Если я еврейка по крови, значит, еврейка и душой. И поэтому я хочу знать. Хочу понимать, как именно воплощена во мне эта принадлежность. Что именно я унаследовала? Как превратить представление об этом в нечто осязаемое? Впрочем, на самом деле надо копать глубже и спрашивать: «Как мне научиться выносить свое еврейство?»
Баби отвечает на мои вопросы довольно рассеянно. Ее внимание поглощено листьями кабачков, которые она изучает под флуоресцентной лампой. Так видно, есть ли в них черви, а черви делают листья некошерными. Баби говорит: Бог населил Землю другими людьми только для того, чтобы те ненавидели и преследовали евреев. Это своего рода противоборствующая сила, без которой нас бы не было: точно так же Бог создал ночь и день, тьму и свет. Одно определяется другим. И еврейство существует в первую очередь благодаря попыткам его уничтожить.
Ее слова должны объяснить мне, как все устроено. Но я слышу, как она говорит: мир опасен и останется опасным, потому что иначе как доказать наше право на существование, и не могу поверить этому. Она имеет в виду что-то другое или просто повторяет слова раввина, как все в нашей общине. Разве думать, будто все зло на этой планете создано лишь ради наших страданий, не означает ужасно себя переоценивать? Разве подобное высокомерие не грех? Разве можно рассматривать чье-то страдание как святая святых и подчиняться ему, как оркестр подчиняется дирижеру, принося свободную волю на алтарь его идеи?

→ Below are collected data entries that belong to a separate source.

lemma closedin_pairs_moved_over_fixed_points:
  assumes act: "continuous_action G m e TG TY a" and H: "Hausdorff_space TY"
    and fin: "finite M" and "M \<subseteq> topspace TG"
  shows "closedin (prod_topology TY TY)
           {(p, q). \<exists>x\<in>M. \<exists>T\<subseteq>M. x \<notin> T \<and> card T = k \<and>
                    p \<in> common_fixed_points TY a T \<and> q = a x p}"
proof -
  let ?P = "{(x, T). x \<in> M \<and> T \<subseteq> M \<and> x \<notin> T \<and> card T = k}"
  let ?W = "\<lambda>(x, T). {(p, q). p \<in> common_fixed_points TY a T \<and> q = a x p}"
  have "finite ?P"
    by (rule finite_subset[of _ "M \<times> Pow M"]) (auto simp: fin)
  moreover have "closedin (prod_topology TY TY) (?W xT)" if "xT \<in> ?P" for xT
    using that assms(4) by (auto intro!: closedin_action_graph_over_fixed_points[OF act H])
  ultimately have "closedin (prod_topology TY TY) (\<Union>(?W ` ?P))"
    by (intro closedin_Union) auto
  moreover have "\<Union>(?W ` ?P) = {(p, q). \<exists>x\<in>M. \<exists>T\<subseteq>M. x \<notin> T \<and> card T = k \<and>
                    p \<in> common_fixed_points TY a T \<and> q = a x p}"
    by blast
  ultimately show ?thesis by simp
qed

lemma proximal_stabiliser_grows:
  fixes M :: "'g set"
  assumes act: "continuous_action G m e TG TY a" and prox: "proximal_action G TY a"
    and H: "Hausdorff_space TY" and fin: "finite M" and MG: "M \<subseteq> G" and GT: "G \<subseteq> topspace TG"
    and conj: "\<And>h. h \<in> G \<Longrightarrow> \<exists>c. bij_betw c M M \<and> (\<forall>x\<in>M. m h x = m (c x) h)"
    and y0: "y0 \<in> topspace TY" and x0: "x0 \<in> M" "a x0 y0 \<noteq> y0"
  shows "\<exists>z\<in>topspace TY. card {x\<in>M. a x y0 = y0} < card {x\<in>M. a x z = z}"
proof -
  define S where "S = {x\<in>M. a x y0 = y0}"
  let ?C = "{(p, q). \<exists>x\<in>M. \<exists>T\<subseteq>M. x \<notin> T \<and> card T = card S \<and>
                     p \<in> common_fixed_points TY a T \<and> q = a x p}"
  have closed: "closedin (prod_topology TY TY) ?C"
    using MG GT by (intro closedin_pairs_moved_over_fixed_points[OF act H fin]) auto
  have orbit: "(\<lambda>g. (a g y0, a g (a x0 y0))) ` G \<subseteq> ?C"
  proof clarify
    fix h assume h: "h \<in> G"
    then obtain c where c: "bij_betw c M M" "\<And>x. x \<in> M \<Longrightarrow> m h x = m (c x) h"
      using conj by blast
    have cM: "c ` M \<subseteq> M" and SM: "S \<subseteq> M" and "x0 \<notin> S"
      using c(1) x0 by (auto simp: S_def bij_betw_def)
    have "c x0 \<notin> c ` S"
      using c(1) x0(1) SM \<open>x0 \<notin> S\<close> by (meson bij_betw_def inj_on_image_mem_iff)
    moreover have "card (c ` S) = card S"
      using c(1) SM by (meson bij_betw_def card_image inj_on_subset)
    moreover have "a h y0 \<in> common_fixed_points TY a (c ` S)"
      using SM cM MG y0 c(2)
      by (intro common_fixed_points_translate[OF act GT h]) (auto simp: common_fixed_points_def S_def)
    moreover have "a (c x0) (a h y0) = a h (a x0 y0)"
      using action_intertwines[OF act h _ _ c(2)[OF x0(1)] y0] x0(1) cM MG by blast
    ultimately show "\<exists>x\<in>M. \<exists>T\<subseteq>M. x \<notin> T \<and> card T = card S \<and>
        a h y0 \<in> common_fixed_points TY a T \<and> a h (a x0 y0) = a x (a h y0)"
      using cM SM x0(1) by (intro bexI[of _ "c x0"] exI[of _ "c ` S"]) auto
  qed
  obtain z where "(z, z) \<in> prod_topology TY TY closure_of (\<lambda>g. (a g y0, a g (a x0 y0))) ` G"
    using prox y0 x0 MG GT continuous_action_in_topspace[OF act]
    unfolding proximal_action_def by blast
  with closure_of_minimal[OF orbit closed] obtain x T where "x \<in> M" "T \<subseteq> M" "x \<notin> T"
    "card T = card S" "z \<in> common_fixed_points TY a T" "a x z = z"
    by auto
  then have sub: "insert x T \<subseteq> {x\<in>M. a x z = z}" and z: "z \<in> topspace TY"
    and card: "card (insert x T) = Suc (card S)"
    using fin by (auto simp: common_fixed_points_def finite_subset)
  have "card S < card {x\<in>M. a x z = z}"
    using card_mono[OF _ sub] fin card by simp
  then show ?thesis
    using z unfolding S_def by blast
qed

Хотя в нашей общине запрещены любые контакты с гоями[4], кроме исключительных ситуаций, в которых это строго регламентировано, я знаю, что Баби приходилось иметь дело с неевреями до того, как она присоединилась к сатмарским хасидам. Она рассказывала о маленькой деревушке, где прадед с прабабкой держали магазин, о соседях, заходивших во двор набрать из стоявшей там колонки сельтерской воды в обмен на небольшие подарки, о том, как товары из магазина тоже меняли на яйца, молоко и мясо. Однажды ее отправили жить в город, к богатой бабушке, но Баби оказалась слишком взрослой, чтобы спать в комнате с остальными десятью детьми. Из тех времен у нее остались воспоминания об элегантных дамах в изысканных французских шляпках и меховых боа, этих дам приглашали на чай, пирожные и партию в карты. Баби и ее бабушка ездили в маленькие европейские городки на минеральных водах, останавливались в курортных отелях и общались с постояльцами со всего континента. Но все это случилось до войны. Выйдя замуж за моего дедушку и вступив с ним в новую общину рабби Йоэля Тейтельбаума, она должна была отныне общаться только с теми, кто похож на нас.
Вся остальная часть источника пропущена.